━━━━━ Dataset excerpts ━━━━━

(* Let $x_0,x_1,\dots,x_N\in\mathbb{R}$ be the features of a time series and let $\|\cdot\|$ be a norm. Let $\mathcal{D}$ be a probability distribution with support $[0,1)$ and $e=\mathbb{E}[\mathcal{D}]$ its mean. Let $\lambda_1,\dots,\lambda_N$ be drawn independently from $\mathcal{D}$, and let $\lambda_0$ be a dummy value. Define recursively $x_{0,\lambda_0}=x_0$ and $x_{i,\lambda_i}=(1-\lambda_i)x_i+\lambda_i x_{i-1,\lambda_{i-1}}$ for $i\ge 1$. For $k\in[0:N]$ let $g(\lambda_k)=(1-\lambda_k)(1-\delta_{0k})+(1-\operatorname{sign}(k))$, where $\delta_{ab}=1$ if $a=b$ and $0$ otherwise, and $\operatorname{sign}(0)=0$, $\operatorname{sign}(t)=1$ for $t>0$, $\operatorname{sign}(t)=-1$ for $t<0$. Let $m=\max_{i\in[0:N]}\|x_i\|$ and $m'=\max_{i\in[1:N]}\|x_i-x_{i-1}\|$. Then for every $n\in[0:N]$: (1) $x_{n,\lambda_n}=\sum_{k=0}^{n}\Big(\prod_{i=k+1}^{n}\lambda_i\Big)g(\lambda_k)\,x_k$ (an empty product equals $1$); (2) $\big\|\mathbb{E}_{\lambda_1,\dots,\lambda_n}[x_{n,\lambda_n}-x_n]\big\|\le\min\{3em,\ \tfrac{e}{1-e}m',\ Nem'\}$, and, for every fixed value of $\lambda_n\in[0,1)$, $\mathbb{E}_{\lambda_1,\dots,\lambda_{n-1}}\big[\|x_{n,\lambda_n}-x_n\|\big]\le 2\lambda_n m$.
   Context: This is the Recursive Interpolation Method (RIM) for time series augmentation: the augmented features $x_{i,\lambda_i}$ are obtained by recursively taking convex combinations of the current original feature with the previous augmented feature. *)

theory Defs
  imports "HOL-Probability.Probability"
begin

definition is_norm :: "(real \<Rightarrow> real) \<Rightarrow> bool" where
  "is_norm nrm \<longleftrightarrow>
     (\<forall>x. 0 \<le> nrm x) \<and> (\<forall>x. nrm x = 0 \<longleftrightarrow> x = 0) \<and>
     (\<forall>c x. nrm (c * x) = \<bar>c\<bar> * nrm x) \<and>
     (\<forall>x y. nrm (x + y) \<le> nrm x + nrm y)"

text \<open>Recursive Interpolation Method: rim x l i is the augmented feature x_{i,lambda_i}.
  The value l 0 (the dummy lambda_0) is never used.\<close>
fun rim :: "(nat \<Rightarrow> real) \<Rightarrow> (nat \<Rightarrow> real) \<Rightarrow> nat \<Rightarrow> real" where
  "rim x l 0 = x 0"
| "rim x l (Suc i) = (1 - l (Suc i)) * x (Suc i) + l (Suc i) * rim x l i"

definition kdelta :: "nat \<Rightarrow> nat \<Rightarrow> real" where
  "kdelta a b = (if a = b then 1 else 0)"

definition gfun :: "(nat \<Rightarrow> real) \<Rightarrow> nat \<Rightarrow> real" where
  "gfun l k = (1 - l k) * (1 - kdelta 0 k) + (1 - sgn (real k))"

definition mmax :: "(real \<Rightarrow> real) \<Rightarrow> (nat \<Rightarrow> real) \<Rightarrow> nat \<Rightarrow> real" where
  "mmax nrm x N = Max ((\<lambda>i. nrm (x i)) ` {0..N})"

text \<open>m' = max over [1:N] of norms of consecutive differences (0 if N = 0, i.e. empty max).\<close>
definition mmax' :: "(real \<Rightarrow> real) \<Rightarrow> (nat \<Rightarrow> real) \<Rightarrow> nat \<Rightarrow> real" where
  "mmax' nrm x N = Max (insert 0 ((\<lambda>i. nrm (x i - x (i - 1))) ` {1..N}))"

end

theory Submission
  imports Defs
begin

(* Each step of the recursion is affine in its weight, x_{n,l} = x_n + l_n (x_{n-1,l} - x_n),
   and unrolling it gives the closed form. Since l_n is independent of the earlier weights, on
   which alone x_{n-1,l} depends, integrating out l_n replaces it by the mean e: the expected
   augmented feature is the same recursion run with all weights equal to e.
   The bounds are then deterministic. A convex combination of the x_i has norm at most m, which
   gives 2 l_n m and 2 e m; and d_n = x_{n,e} - x_n satisfies |d_n| <= e (|d_{n-1}| + m'), so
   |d_n| <= (e + ... + e^n) m', which is at most both e/(1-e) m' and n e m'. *)

lemma is_norm_nonneg: "is_norm nrm \<Longrightarrow> 0 \<le> nrm a"
  unfolding is_norm_def by blast

lemma is_norm_mult: "is_norm nrm \<Longrightarrow> nrm (c * a) = \<bar>c\<bar> * nrm a"
  unfolding is_norm_def by blast

lemma is_norm_triangle: "is_norm nrm \<Longrightarrow> nrm (a + b) \<le> nrm a + nrm b"
  unfolding is_norm_def by blast

lemma is_norm_minus_commute: "is_norm nrm \<Longrightarrow> nrm (a - b) = nrm (b - a)"
  using is_norm_mult[of nrm "-1" "b - a"] by simp

lemma is_norm_diff_le: "is_norm nrm \<Longrightarrow> nrm (a - b) \<le> nrm a + nrm b"
  using is_norm_triangle[of nrm a "-b"] is_norm_mult[of nrm "-1" b] by simp

lemma is_norm_abs: "is_norm abs"
  unfolding is_norm_def by (auto simp: abs_mult)

lemma is_norm_convex_combination_le:
  assumes "is_norm nrm" "a \<in> {0..1}" "nrm u \<le> M" "nrm v \<le> M"
  shows "nrm ((1 - a) * u + a * v) \<le> M"
proof -
  have "nrm ((1 - a) * u + a * v) \<le> nrm ((1 - a) * u) + nrm (a * v)"
    by (rule is_norm_triangle[OF assms(1)])
  also have "\<dots> = (1 - a) * nrm u + a * nrm v"
    using assms(1,2) by (simp add: is_norm_mult)
  also have "\<dots> \<le> (1 - a) * M + a * M"
    using assms(2-4) by (intro add_mono mult_left_mono) auto
  finally show ?thesis by (simp add: algebra_simps)
qed

lemma mmax_ge: "i \<le> N \<Longrightarrow> nrm (x i) \<le> mmax nrm x N"
  unfolding mmax_def by (intro Max_ge) auto
(* Consider a shallow ReLU network without biases with widths $n_0,n_1,n_2$ and two activation patterns $A_1,A_2\in\{0,1\}^{n_1}$. Let $r_i=\sum_j A_{ij}$, $s=\sum_jA_{1j}A_{2j}$ and $t=r_1+r_2-2s$. Then the ideal $J^{\mathbf{A}}$ contains: (1) all $(r_1+1)$-minors of $M_1$; (2) all $(r_2+1)$-minors of $M_2$; (3) all $(n_1+1)$-minors of $[M_1\mid M_2]$ and of $[M_1^\top\mid M_2^\top]$; (4) all $(t+1)$-minors of $M_1-M_2$.
   Context: Parameters are $W^{(1)}\in\mathbb{R}^{n_1\times n_0}$, $W^{(2)}\in\mathbb{R}^{n_2\times n_1}$, and $M_{A}(\theta)=W^{(2)}\operatorname{diag}(A)W^{(1)}$. $J^{\mathbf{A}}\subseteq\mathbb{C}[m^{(1)}_{ij},m^{(2)}_{ij}]$ is the ideal of all polynomials vanishing on the Zariski closure in $\mathbb{C}^{n_2\times n_0}\times\mathbb{C}^{n_2\times n_0}$ of $\{(M_{A_1}(\theta),M_{A_2}(\theta)):\theta\}$, where $M_1=(m^{(1)}_{ij})$ and $M_2=(m^{(2)}_{ij})$ are the matrices of coordinates. $[M_1\mid M_2]$ denotes horizontal concatenation. *)

theory Defs
  imports Complex_Main "HOL-Combinatorics.Permutations"
begin

text \<open>A point of the ambient space C^(n2 x n0) x C^(n2 x n0) is a pair of
  coordinate matrices (M1, M2), indexed by naturals (row < n2, column < n0),
  with all entries outside the index range equal to 0.\<close>

type_synonym cmat = "nat \<Rightarrow> nat \<Rightarrow> complex"
type_synonym pt = "cmat \<times> cmat"

definition ambient :: "nat \<Rightarrow> nat \<Rightarrow> pt set" where
  "ambient m n = {x. \<forall>i j. \<not> (i < m \<and> j < n) \<longrightarrow> fst x i j = 0 \<and> snd x i j = 0}"

text \<open>Polynomial functions in the coordinates m^(1)_ij, m^(2)_ij (i < m, j < n)
  with complex coefficients, i.e. the coordinate ring C[m^(1)_ij, m^(2)_ij]
  (over the infinite field C polynomials and polynomial functions coincide).\<close>

inductive_set polyfun :: "nat \<Rightarrow> nat \<Rightarrow> (pt \<Rightarrow> complex) set" for m n where
  const: "(\<lambda>x. c) \<in> polyfun m n"
| var1: "i < m \<Longrightarrow> j < n \<Longrightarrow> (\<lambda>x. fst x i j) \<in> polyfun m n"
| var2: "i < m \<Longrightarrow> j < n \<Longrightarrow> (\<lambda>x. snd x i j) \<in> polyfun m n"
| add: "p \<in> polyfun m n \<Longrightarrow> q \<in> polyfun m n \<Longrightarrow> (\<lambda>x. p x + q x) \<in> polyfun m n"
| mult: "p \<in> polyfun m n \<Longrightarrow> q \<in> polyfun m n \<Longrightarrow> (\<lambda>x. p x * q x) \<in> polyfun m n"

definition zariski_closure :: "nat \<Rightarrow> nat \<Rightarrow> pt set \<Rightarrow> pt set" where
  "zariski_closure m n S = {x \<in> ambient m n. \<forall>p \<in> polyfun m n. (\<forall>y \<in> S. p y = 0) \<longrightarrow> p x = 0}"

definition vanishing_ideal :: "nat \<Rightarrow> nat \<Rightarrow> pt set \<Rightarrow> (pt \<Rightarrow> complex) set" where
  "vanishing_ideal m n V = {p \<in> polyfun m n. \<forall>x \<in> V. p x = 0}"

definition netmat :: "nat \<Rightarrow> nat \<Rightarrow> nat \<Rightarrow> (nat \<Rightarrow> bool) \<Rightarrow>
    (nat \<Rightarrow> nat \<Rightarrow> real) \<Rightarrow> (nat \<Rightarrow> nat \<Rightarrow> real) \<Rightarrow> cmat" where
  "netmat n0 n1 n2 A W1 W2 = (\<lambda>i j. if i < n2 \<and> j < n0 then
      complex_of_real (\<Sum>k<n1. W2 i k * of_bool (A k) * W1 k j) else 0)"

definition param_image :: "nat \<Rightarrow> nat \<Rightarrow> nat \<Rightarrow> (nat \<Rightarrow> bool) \<Rightarrow> (nat \<Rightarrow> bool) \<Rightarrow> pt set" where
  "param_image n0 n1 n2 A1 A2 =
     {(netmat n0 n1 n2 A1 W1 W2, netmat n0 n1 n2 A2 W1 W2) | W1 W2. True}"
(* Fix $\kappa>0$ and $x_0\in\mathbb R^2$ with $\kappa|x_0|$ irrational. Let $m,\Phi,I,l,\alpha_0$ satisfy hypotheses (1)–(3) of Lemma (int1 est), and set $u(\alpha):=\Phi_l(\alpha)-\Phi_l(\alpha_0)$ (which does not change sign on $I$). Then the function $$f(\alpha):=\frac{d}{d\alpha}\Bigl[\frac{|u(\alpha)|^{1/2}}{\sin(\pi\kappa\Phi_l'(\alpha))}\Bigr],$$ defined on $I$ away from the zero set of $\Phi_l'$, changes sign at most $N$ times on $I$, where $N$ is independent of $m\neq0$ (and of $l$ and $I$).
   Context: $\vec\alpha=(\cos\alpha,\sin\alpha)$. $\Phi(\alpha):=-m\,\vec\alpha\cdot x_0$ with $m\in\mathbb Z\setminus\{0\}$; $\Phi_l(\alpha):=\Phi(\alpha)-(l/\kappa)\alpha$. Hypotheses of Lemma (int1 est): $I=[a,b]\subset[-\pi,\pi]$, $l\in\mathbb Z$; (1) $\Phi''(\alpha)\neq0$ on $(a,b)$; (2) $\alpha_0\in I$ with $\kappa\Phi'(\alpha_0)=l$ and $\Phi''(\alpha_0)\ne0$; (3) $|\kappa\Phi'(\alpha)-l|\le1/2$ on $I$. *)

theory Defs
  imports "HOL-Analysis.Analysis"
begin

definition avec :: "real \<Rightarrow> real^2" where
  "avec \<alpha> = vector [cos \<alpha>, sin \<alpha>]"

definition Phi :: "int \<Rightarrow> real^2 \<Rightarrow> real \<Rightarrow> real" where
  "Phi m x0 \<alpha> = - of_int m * (avec \<alpha> \<bullet> x0)"

definition Phi_l :: "real \<Rightarrow> int \<Rightarrow> real^2 \<Rightarrow> int \<Rightarrow> real \<Rightarrow> real" where
  "Phi_l \<kappa> m x0 l \<alpha> = Phi m x0 \<alpha> - (of_int l / \<kappa>) * \<alpha>"

definition sign_changes_at_most :: "nat \<Rightarrow> (real \<Rightarrow> real) \<Rightarrow> real set \<Rightarrow> bool" where
  "sign_changes_at_most N f D \<longleftrightarrow>
     \<not> (\<exists>t :: nat \<Rightarrow> real. (\<forall>i\<le>Suc N. t i \<in> D) \<and>
            (\<forall>i\<le>N. t i < t (Suc i) \<and> f (t i) * f (t (Suc i)) < 0))"

end

theory Submission
  imports Defs
begin

(*
  Write h = \<kappa> \<Phi>_l' and u = \<Phi>_l - \<Phi>_l(\<alpha>0). Since \<Phi>'' = -\<Phi>, the phase obeys h'' = -(h + l),
  and u' = h / \<kappa>. On either side of \<alpha>0, where h' and u have a fixed sign and 0 < |h| < 1/2,
  the derivative of g = sqrt |u| / sin (\<pi> h) is K H with K > 0 and
  H = h tan (\<pi> h) / (2 \<pi> \<kappa> h') - u. In turn H' is a positive multiple of
  M = 1 / (2 \<pi> h) - cot (2 \<pi> h) + (h + l) / (2 \<pi> h'^2), and M' has the sign of h' because
  |sin y| \<le> |y|. So M is monotone, H is monotone on each of the two intervals where M has a
  fixed sign, and g' changes sign at most once on each of them. Counting how many points of an
  alternating sequence each interval can hold bounds the number of sign changes on [a, b] by an
  absolute constant.
*)

section \<open>Counting sign changes\<close>

lemma sign_changes_at_most_singleton: "sign_changes_at_most N f {c}"
  unfolding sign_changes_at_most_def
proof clarify
  fix t assume "\<forall>i\<le>Suc N. t i \<in> {c}" "\<forall>i\<le>N. t i < t (Suc i) \<and> f (t i) * f (t (Suc i)) < 0"
  then have "t 0 = c" "t 1 = c" "t 0 < t 1" by auto
  then show False by simp
qed

lemma alternating_points_increasing:
  assumes "\<forall>i\<le>N. t i < t (Suc i)" "i < j" "j \<le> Suc N"
  shows "t i < (t j :: real)"
  using assms(2,3)
proof (induction j)
  case (Suc j)
  with assms(1) show ?case
    by (cases "i = j") (auto intro: less_trans)
qed simp

text \<open>The indices of an alternating sequence that fall into an interval are consecutive,
  so k + 2 of them would exhibit k + 1 sign changes inside the interval.\<close>
lemma card_alternating_points_in_interval:
  assumes P: "is_interval P" "sign_changes_at_most k f P"
    and alt: "\<forall>i\<le>N. t i < t (Suc i) \<and> f (t i) * f (t (Suc i)) < 0"
  shows "card {i. i \<le> Suc N \<and> t i \<in> P} \<le> Suc k"
proof (rule ccontr)
  define F where "F = {i. i \<le> Suc N \<and> t i \<in> P}"
  assume "\<not> card {i. i \<le> Suc N \<and> t i \<in> P} \<le> Suc k"
  then have card_F: "Suc (Suc k) \<le> card F" unfolding F_def by simp
  have fin: "finite F" unfolding F_def by simp
  then have "F \<noteq> {}" using card_F by auto
  define i0 where "i0 = Min F"
  define i1 where "i1 = Max F"
  have i0: "i0 \<in> F" and i1: "i1 \<in> F"
    using fin \<open>F \<noteq> {}\<close> unfolding i0_def i1_def by auto
  have "F \<subseteq> {i0..i1}" using fin unfolding i0_def i1_def by auto
  then have "card F \<le> card {i0..i1}" by (intro card_mono) simp_all
  then have "card F \<le> Suc i1 - i0" by simp
  then have long: "i0 + Suc k \<le> i1" using card_F by linarith
  have mono: "t i \<le> t j" if "i \<le> j" "j \<le> Suc N" for i j
    using alternating_points_increasing[of N t i j] alt that by (cases "i = j") auto
  have block: "t (i0 + j) \<in> P" if "j \<le> Suc k" for j
  proof -
    have "t i0 \<in> P" "t i1 \<in> P" "i1 \<le> Suc N" using i0 i1 unfolding F_def by auto
    moreover have "t i0 \<le> t (i0 + j)" "t (i0 + j) \<le> t i1"
      using mono that long \<open>i1 \<le> Suc N\<close> by auto
    ultimately show ?thesis using mem_is_interval_1_I[OF P(1)] by blast
  qed
  have "i1 \<le> Suc N" using i1 unfolding F_def by simp
  then have "\<forall>j\<le>k. t (i0 + j) < t (i0 + Suc j) \<and> f (t (i0 + j)) * f (t (i0 + Suc j)) < 0"
    using alt long by auto
  with block have "\<exists>s. (\<forall>j\<le>Suc k. s j \<in> P) \<and>
      (\<forall>j\<le>k. s j < s (Suc j) \<and> f (s j) * f (s (Suc j)) < 0)"
    by (intro exI[of _ "\<lambda>j. t (i0 + j)"]) simp
  with P(2) show False unfolding sign_changes_at_most_def by blast
qed

lemma sign_changes_at_most_cover:
  assumes cover: "D \<subseteq> \<Union> (set Ps)"
    and pieces: "\<And>P. P \<in> set Ps \<Longrightarrow> is_interval P \<and> sign_changes_at_most k f P"
  shows "sign_changes_at_most (Suc k * length Ps) f D"
  unfolding sign_changes_at_most_def
proof
  define N where "N = Suc k * length Ps"
  assume "\<exists>t. (\<forall>i\<le>Suc N. t i \<in> D) \<and>
      (\<forall>i\<le>N. t i < t (Suc i) \<and> f (t i) * f (t (Suc i)) < 0)"
  then obtain t where tD: "\<forall>i\<le>Suc N. t i \<in> D"
    and alt: "\<forall>i\<le>N. t i < t (Suc i) \<and> f (t i) * f (t (Suc i)) < 0" by blast
  have "{..Suc N} \<subseteq> (\<Union>P\<in>set Ps. {i. i \<le> Suc N \<and> t i \<in> P})"
    using tD cover by auto
  then have "Suc (Suc N) \<le> card (\<Union>P\<in>set Ps. {i. i \<le> Suc N \<and> t i \<in> P})"
    using card_mono[of "\<Union>P\<in>set Ps. {i. i \<le> Suc N \<and> t i \<in> P}" "{..Suc N}"] by simp
  also have "\<dots> \<le> (\<Sum>P\<in>set Ps. card {i. i \<le> Suc N \<and> t i \<in> P})"
    by (rule card_UN_le) simp
  also have "\<dots> \<le> (\<Sum>P\<in>set Ps. Suc k)"
    using pieces by (intro sum_mono card_alternating_points_in_interval[OF _ _ alt]) auto
  also have "\<dots> = Suc k * card (set Ps)" by simp
  also have "\<dots> \<le> N" unfolding N_def by (rule mult_le_mono2[OF card_length])
  finally show False by simp
qed
lemma integral_rejprob_less:
  assumes "prob_space M" "0 \<le> \<alpha>" "q \<in> borel_measurable M" "\<And>w. q w \<in> {0<..1}"
    and "0 < measure M {w \<in> space M. q w < 1}"
    and "\<And>p. p \<in> {0<..1} \<Longrightarrow> rejprob \<alpha> B p \<le> rejprob \<alpha> B' p"
    and "\<And>p. p \<in> {0<..<1} \<Longrightarrow> rejprob \<alpha> B p < rejprob \<alpha> B' p"
  shows "(\<integral>w. rejprob \<alpha> B (q w) \<partial>M) < (\<integral>w. rejprob \<alpha> B' (q w) \<partial>M)"
proof -
  interpret prob_space M by fact
  have integrable: "integrable M (\<lambda>w. rejprob \<alpha> C (q w))" for C
  proof (rule integrable_const_bound[where B = 1])
    show "AE w in M. norm (rejprob \<alpha> C (q w)) \<le> 1"
      by (simp add: rejprob_def)
    have "q w \<in> {0..1}" for w
      using assms(4)[of w] by simp
    then show "(\<lambda>w. rejprob \<alpha> C (q w)) \<in> borel_measurable M"
      by (intro borel_measurable_rejprob[OF assms(2,3)])
  qed
  have "emeasure M {w \<in> space M. q w < 1} \<noteq> 0"
    using assms(5) by (auto simp: measure_def)
  moreover have "rejprob \<alpha> B (q w) \<le> rejprob \<alpha> B' (q w)" for w
    using assms(4,6) by simp
  moreover have "rejprob \<alpha> B (q w) < rejprob \<alpha> B' (q w)" if "q w < 1" for w
    using assms(4,7) that by simp
  ultimately show ?thesis
    using assms(3) by (intro integral_less_AE[OF integrable integrable]) (auto simp: less_le)
qed

lemma Pow_strict_local_max:
  assumes "prob_space M" "group G" "finite (carrier G)" "\<And>x. act \<one>\<^bsub>G\<^esub> x = x"
    and "(\<lambda>w. T (X w)) \<in> borel_measurable M"
    and "\<And>g. g \<in> carrier G \<Longrightarrow> (\<lambda>w. T (act g (X w))) \<in> borel_measurable M"
    and "0 \<le> \<alpha>" "\<alpha> < 1"
    and "0 < measure M {w \<in> space M. qval G act T (X w) < 1}"
    and ascent: "kcrit \<alpha> n < kcrit \<alpha> (Suc n)"
    and plateau: "kcrit \<alpha> (Suc (Suc n)) = kcrit \<alpha> (Suc n)"
  shows "Pow M X G act T \<alpha> n < Pow M X G act T \<alpha> (Suc n)"
    and "Pow M X G act T \<alpha> (Suc (Suc n)) < Pow M X G act T \<alpha> (Suc n)"
proof -
  have jump: "kcrit \<alpha> (Suc n) = kcrit \<alpha> n + 1"
    using ascent kcrit_Suc_le[of \<alpha> n] assms(8) by simp
  define m where "m = nat (kcrit \<alpha> (Suc n))"
  have "m \<le> n"
    using kcrit_less[OF assms(8), of "Suc n"] by (simp add: m_def)
  then have pmf_pos: "0 < pmf (binomial_pmf N p) m" if "p \<in> {0<..<1}" "n \<le> N" for N p
    using that by simp
  have up: "rejprob \<alpha> (Suc n) p = rejprob \<alpha> n p + (1 - p) * pmf (binomial_pmf n p) m"
    if "p \<in> {0..1}" for p
    using rejprob_Suc_at_jump[OF assms(7) jump that] by (simp add: m_def)
  have down:
    "rejprob \<alpha> (Suc (Suc n)) p = rejprob \<alpha> (Suc n) p - p * pmf (binomial_pmf (Suc n) p) m"
    if "p \<in> {0..1}" for p
    using rejprob_Suc_on_plateau[OF _ plateau that] jump kcrit_ge_minus_one[OF assms(7), of n]
    by (simp add: m_def)
  have "qval G act T (X w) \<in> {0<..1}" for w
    using qval_bounds[where act = act and x = "X w", OF assms(2,3,4)] by simp
  note q = borel_measurable_qval[OF assms(3,5,6)] this
  show "Pow M X G act T \<alpha> n < Pow M X G act T \<alpha> (Suc n)"
    unfolding Pow_def
    by (rule integral_rejprob_less[OF assms(1,7) q assms(9)])
      (auto simp: up simp del: pmf_binomial intro!: mult_pos_pos pmf_pos)
  show "Pow M X G act T \<alpha> (Suc (Suc n)) < Pow M X G act T \<alpha> (Suc n)"
    unfolding Pow_def
    by (rule integral_rejprob_less[OF assms(1,7) q assms(9)])
      (auto simp: down simp del: pmf_binomial intro!: mult_pos_pos pmf_pos)
qed

theorem theorem1:
  fixes M :: "'w measure" and X :: "'w \<Rightarrow> 'x" and G :: "('g, 'b) monoid_scheme"
    and act :: "'g \<Rightarrow> 'x \<Rightarrow> 'x" and T :: "'x \<Rightarrow> real" and \<alpha> :: real
  assumes "prob_space M"
    and "group G" and "finite (carrier G)"
    and "\<And>x. act \<one>\<^bsub>G\<^esub> x = x"
    and "\<And>g h x. g \<in> carrier G \<Longrightarrow> h \<in> carrier G \<Longrightarrow> act (g \<otimes>\<^bsub>G\<^esub> h) x = act g (act h x)"
    and "(\<lambda>w. T (X w)) \<in> borel_measurable M"
    and "\<And>g. g \<in> carrier G \<Longrightarrow> (\<lambda>w. T (act g (X w))) \<in> borel_measurable M"
    and "0 < \<alpha>" and "\<alpha> < 1"
    and "measure M {w \<in> space M. qval G act T (X w) < 1} > 0"
  shows "(\<forall>B\<ge>2. kcrit \<alpha> B - kcrit \<alpha> (B - 1) = 1 \<and> kcrit \<alpha> (B + 1) - kcrit \<alpha> B = 0 \<longrightarrow>
            Pow M X G act T \<alpha> (B - 1) < Pow M X G act T \<alpha> B \<and>
            Pow M X G act T \<alpha> (B + 1) < Pow M X G act T \<alpha> B)
       \<and> infinite {B. B \<ge> 2 \<and> kcrit \<alpha> (B - 1) < kcrit \<alpha> B \<and> kcrit \<alpha> B = kcrit \<alpha> (B + 1)}
       \<and> infinite {B. B \<ge> 2 \<and> Pow M X G act T \<alpha> (B - 1) < Pow M X G act T \<alpha> B \<and>
                          Pow M X G act T \<alpha> (B + 1) < Pow M X G act T \<alpha> B}"
proof -
  let ?Pow = "Pow M X G act T \<alpha>"
  have local_max: "?Pow (B - 1) < ?Pow B \<and> ?Pow (B + 1) < ?Pow B"
    if "B \<ge> 1" "kcrit \<alpha> (B - 1) < kcrit \<alpha> B" "kcrit \<alpha> (B + 1) = kcrit \<alpha> B" for B
  proof -
    obtain n where "B = Suc n"
      using \<open>B \<ge> 1\<close> by (cases B) auto
    then show ?thesis
      using Pow_strict_local_max[OF assms(1-4,6,7) _ assms(9,10), of n] assms(8) that by simp
  qed
  then have "{B. B \<ge> 2 \<and> kcrit \<alpha> (B - 1) < kcrit \<alpha> B \<and> kcrit \<alpha> B = kcrit \<alpha> (B + 1)}
      \<subseteq> {B. B \<ge> 2 \<and> ?Pow (B - 1) < ?Pow B \<and> ?Pow (B + 1) < ?Pow B}"
    by auto
  moreover have "infinite {B. B \<ge> 2 \<and> kcrit \<alpha> (B - 1) < kcrit \<alpha> B \<and> kcrit \<alpha> B = kcrit \<alpha> (B + 1)}"
    by (rule infinite_kcrit_plateau_starts[OF assms(8,9)])
  ultimately show ?thesis
    using local_max infinite_super by auto
qed

end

━━━━━

What the task requires: Lines to set down from above: the line with "text \<open>A point", the line with "(\<lambda>x. snd x", and every line between, each exactly as written.

Completed task:
text \<open>A point of the ambient space C^(n2 x n0) x C^(n2 x n0) is a pair of
  coordinate matrices (M1, M2), indexed by naturals (row < n2, column < n0),
  with all entries outside the index range equal to 0.\<close>

type_synonym cmat = "nat \<Rightarrow> nat \<Rightarrow> complex"
type_synonym pt = "cmat \<times> cmat"

definition ambient :: "nat \<Rightarrow> nat \<Rightarrow> pt set" where
  "ambient m n = {x. \<forall>i j. \<not> (i < m \<and> j < n) \<longrightarrow> fst x i j = 0 \<and> snd x i j = 0}"

text \<open>Polynomial functions in the coordinates m^(1)_ij, m^(2)_ij (i < m, j < n)
  with complex coefficients, i.e. the coordinate ring C[m^(1)_ij, m^(2)_ij]
  (over the infinite field C polynomials and polynomial functions coincide).\<close>

inductive_set polyfun :: "nat \<Rightarrow> nat \<Rightarrow> (pt \<Rightarrow> complex) set" for m n where
  const: "(\<lambda>x. c) \<in> polyfun m n"
| var1: "i < m \<Longrightarrow> j < n \<Longrightarrow> (\<lambda>x. fst x i j) \<in> polyfun m n"
| var2: "i < m \<Longrightarrow> j < n \<Longrightarrow> (\<lambda>x. snd x i j) \<in> polyfun m n"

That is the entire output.